マインドフルネス

 ストレスや痛みからうつ病まで、あらゆる現代病に有効であると宣伝されている「マインドフルネス」。ところが、「マインドフルネスによる健康効果を裏付ける科学的根拠はほとんどない」とする論文が「Perspectives on Psychological Science」10月10日オンライン版に掲載された。この論文の著者の1人である米ブラウン大学精神医学・人間行動学のWilloughby Britton氏は、「マインドフルネスによる効果が誇大に宣伝されることで、本来受けるべき治療を受けない人が出てくる可能性がある」と懸念を示している。
 米国心理学会(APA)によると、マインドフルネスは約2,600年前の仏教思想に基づいた考えで、「価値判断を伴わずに今、この瞬間に意識を集中している状態」を指す。20年前にはごく一部の研究者の関心を集めていただけに過ぎなかったが、その後徐々に注目度が高まり、研究論文やメディアで取り上げられる機会が増加。精神療法の代替療法として、また心身の健康を維持するための手段の1つとして導入され、企業や教育の現場にも普及しつつあるという。

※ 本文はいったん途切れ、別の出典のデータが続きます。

lemma biorthogonal_sequence_inf_dim:
  assumes B: "\<And>k. biorthogonal_upto k x \<psi>"
  shows "inf_dim (range x)"
proof -
  have bi: "\<psi> j (x i) = (if i = j then 1 else 0)" for i j
    using B[of "Suc (max i j)"] unfolding biorthogonal_upto_def by auto
  have "independent (range x)"
    unfolding dependent_def
  proof
    assume "\<exists>a\<in>range x. a \<in> span (range x - {a})"
    then obtain i where i: "x i \<in> span (range x - {x i})" by blast
    have "linear (\<psi> i)" using B[of "Suc i"] unfolding biorthogonal_upto_def by simp
    then have "subspace {u. \<psi> i u = 0}" by (rule linear_subspace_kernel)
    moreover have "range x - {x i} \<subseteq> {u. \<psi> i u = 0}" using bi by auto
    ultimately have "\<psi> i (x i) = 0" using i span_minimal by blast
    then show False using bi by simp
  qed
  moreover have "inj x" using bi by (intro injI) (metis zero_neq_one)
  ultimately show ?thesis
    unfolding inf_dim_def using independent_span_bound finite_imageD[of x UNIV] by blast
qed

lemma span_range_subset_initial:
  fixes x :: "nat \<Rightarrow> 'a::real_vector"
  assumes "z \<in> span (range x)"
  shows "\<exists>k. z \<in> span (x ` {..<k})"
  using assms
proof (induction rule: span_induct_alt)
  case base
  then show ?case by (auto intro: span_0)
next
  case (step c u y)
  then obtain i k where "u = x i" "y \<in> span (x ` {..<k})" by auto
  moreover have "span (x ` {..<k}) \<subseteq> span (x ` {..<max k (Suc i)})"
    by (intro span_mono image_mono) auto
  moreover have "x i \<in> span (x ` {..<max k (Suc i)})" by (intro span_base) auto
  ultimately show ?case by (meson span_add span_scale subsetD)
qed

text \<open>With \<open>\<bar>\<psi> j z\<bar> \<le> 2^j \<parallel>z\<parallel>\<close>, the weights \<open>\<delta> / 2^(2j+1)\<close> leave a geometric series
  summing to at most \<open>\<delta>\<close>.\<close>

lemma biorthogonal_sequence_span_bound:
  assumes B: "\<And>k. biorthogonal_upto k x \<psi>" and T: "linear T"
    and small: "\<And>j. norm (T (x j)) \<le> \<delta> / 2 ^ (2 * j + 1)"
    and z: "z \<in> span (range x)"
  shows "norm (T z) \<le> \<delta> * norm z"
proof -
  obtain k where "z \<in> span (x ` {..<k})" using span_range_subset_initial[OF z] by blast
  then have "z = (\<Sum>j<k. \<psi> j z *\<^sub>R x j)"
    using B[of k] unfolding biorthogonal_upto_def by (intro biorthogonal_expansion) auto
  then have "T z = T (\<Sum>j<k. \<psi> j z *\<^sub>R x j)" by (rule arg_cong)
  also have "\<dots> = (\<Sum>j<k. \<psi> j z *\<^sub>R T (x j))" by (simp add: linear_sum[OF T] linear_scale[OF T])
  finally have Tz: "T z = (\<Sum>j<k. \<psi> j z *\<^sub>R T (x j))" .
  have "norm (T z) \<le> (\<Sum>j<k. norm (\<psi> j z *\<^sub>R T (x j)))" unfolding Tz by (rule norm_sum)
  also have "\<dots> = (\<Sum>j<k. \<bar>\<psi> j z\<bar> * norm (T (x j)))" by simp
  also have "\<dots> \<le> (\<Sum>j<k. (2 ^ j * norm z) * (\<delta> / 2 ^ (2 * j + 1)))"
    using B small unfolding biorthogonal_upto_def by (intro sum_mono mult_mono) auto
  also have "\<dots> = (\<delta> * norm z) * (\<Sum>j<k. 1 / 2 ^ Suc j)"
  proof -
    have "(2::real) ^ (2 * j + 1) = 2 ^ j * 2 ^ Suc j" for j by (simp flip: power_add)
    then show ?thesis unfolding sum_distrib_left by (intro sum.cong) auto
  qed
  also have "\<dots> \<le> \<delta> * norm z"
  proof -
    have "(\<Sum>j<k. 1 / 2 ^ Suc j) = 1 - 1 / (2::real) ^ k"
      by (induction k) (auto simp: field_simps)
    moreover have "\<delta> \<ge> 0" using order_trans[OF norm_ge_zero small[of 0]] by simp
    ultimately show ?thesis by (simp add: mult_left_le)
  qed
  finally show ?thesis .
qed

lemma strictly_singular_small_on_subspace:
  assumes S: "strictly_singular S" and Y: "inf_subspace Y" and \<delta>: "\<delta> > 0"
  obtains Z where "inf_subspace Z" "Z \<subseteq> Y" "\<And>z. z \<in> Z \<Longrightarrow> norm (blinfun_apply S z) \<le> \<delta> * norm z"
proof -
  obtain x \<psi> where B: "\<And>k. biorthogonal_upto k x \<psi>" and xY: "\<And>j. x j \<in> Y"
    and small: "\<And>j. norm (blinfun_apply S (x j)) \<le> \<delta> / 2 ^ (2 * j + 1)"
    using strictly_singular_small_biorthogonal_sequence[OF S Y, of "\<lambda>j. \<delta> / 2 ^ (2 * j + 1)"] \<delta>
    by auto
  define Z where "Z = closure (span (range x))"
  have "span (range x) \<subseteq> Y"
    using xY Y unfolding inf_subspace_def by (intro span_minimal) auto
  then have "Z \<subseteq> Y" using Y unfolding Z_def inf_subspace_def by (simp add: closure_minimal)
  moreover have "inf_subspace Z"
    using biorthogonal_sequence_inf_dim[OF B] closure_subset[of "span (range x)"] span_superset[of "range x"]
    unfolding inf_subspace_def inf_dim_def Z_def by (auto intro: subspace_closure)
  moreover have "linear (blinfun_apply S)"
    using blinfun.bounded_linear_right by (rule bounded_linear.linear)
  then have "Z \<subseteq> {z. norm (blinfun_apply S z) \<le> \<delta> * norm z}"
    unfolding Z_def using biorthogonal_sequence_span_bound[OF B _ small]
    by (intro closure_minimal closed_Collect_le continuous_intros) auto
  ultimately show ?thesis using that by blast
qed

 今やマインドフルネスは10億ドル規模の産業に成長し、現在、数えきれないほど多くの施術者や1,500種類を超えるスマートフォンアプリが存在する。米ジョージメイソン大学臨床心理学の名誉教授であるJames Maddux氏は「マインドフルネスや瞑想は大昔からあり、何らかの有用性があると考える相応の理由がある」と説明する。
 しかし、Britton氏らは「残念ながらマインドフルネスは十分な科学的根拠による裏付けを伴わないまま一般の人々に広がってしまった」と指摘する。同氏らによると、米国医療研究・品質調査機構(AHRQ)による最近のレビューでは、マインドフルネス療法による不安、うつ、痛みの治療には中等度の効果が認められるにとどまり、ストレスを軽減したり、QOL(生活の質)を向上させたりする効果はわずかであることが示された。また、薬物乱用や摂食障害、睡眠障害、体重管理にマインドフルネス療法が役立つとのエビデンスも得られなかったという。
 ただ、Britton氏らはマインドフルネスの効果を全面的に否定しているわけではない。実際には有効である可能性があるにもかかわらず、誇大な宣伝ばかりが目立ち、適切なアプローチによる効果の検証が行われにくい状況に陥ってしまっているというのだ。
 特にマインドフルネスに関する研究の問題として同氏らが指摘しているのが、その不適切なデザインだ。研究の多くは定期的にマインドフルネスをベースとした瞑想をする人としない人の健康状態を比較するものだが、瞑想をする人はしない人と比べて運動したり健康的な食事を取ったりしている可能性が高く、これらの因子が結果に影響する可能性があるという。また、適切なデザインによるランダム化比較試験も行われてはいるが、マインドフルネスの定義自体が曖昧で一貫していないため、明確な結果が得られないという問題も指摘している。
 Britton氏は、マインドフルネスに興味がある人に対し、「複数の研究を評価し、比較したエビデンスレビューに目を通してほしい」と助言。また、マインドフルネスのアプリを使用する際にはその説明文をよく読んで、その効果を裏付ける科学的根拠があるのかどうかを確認することを勧めている。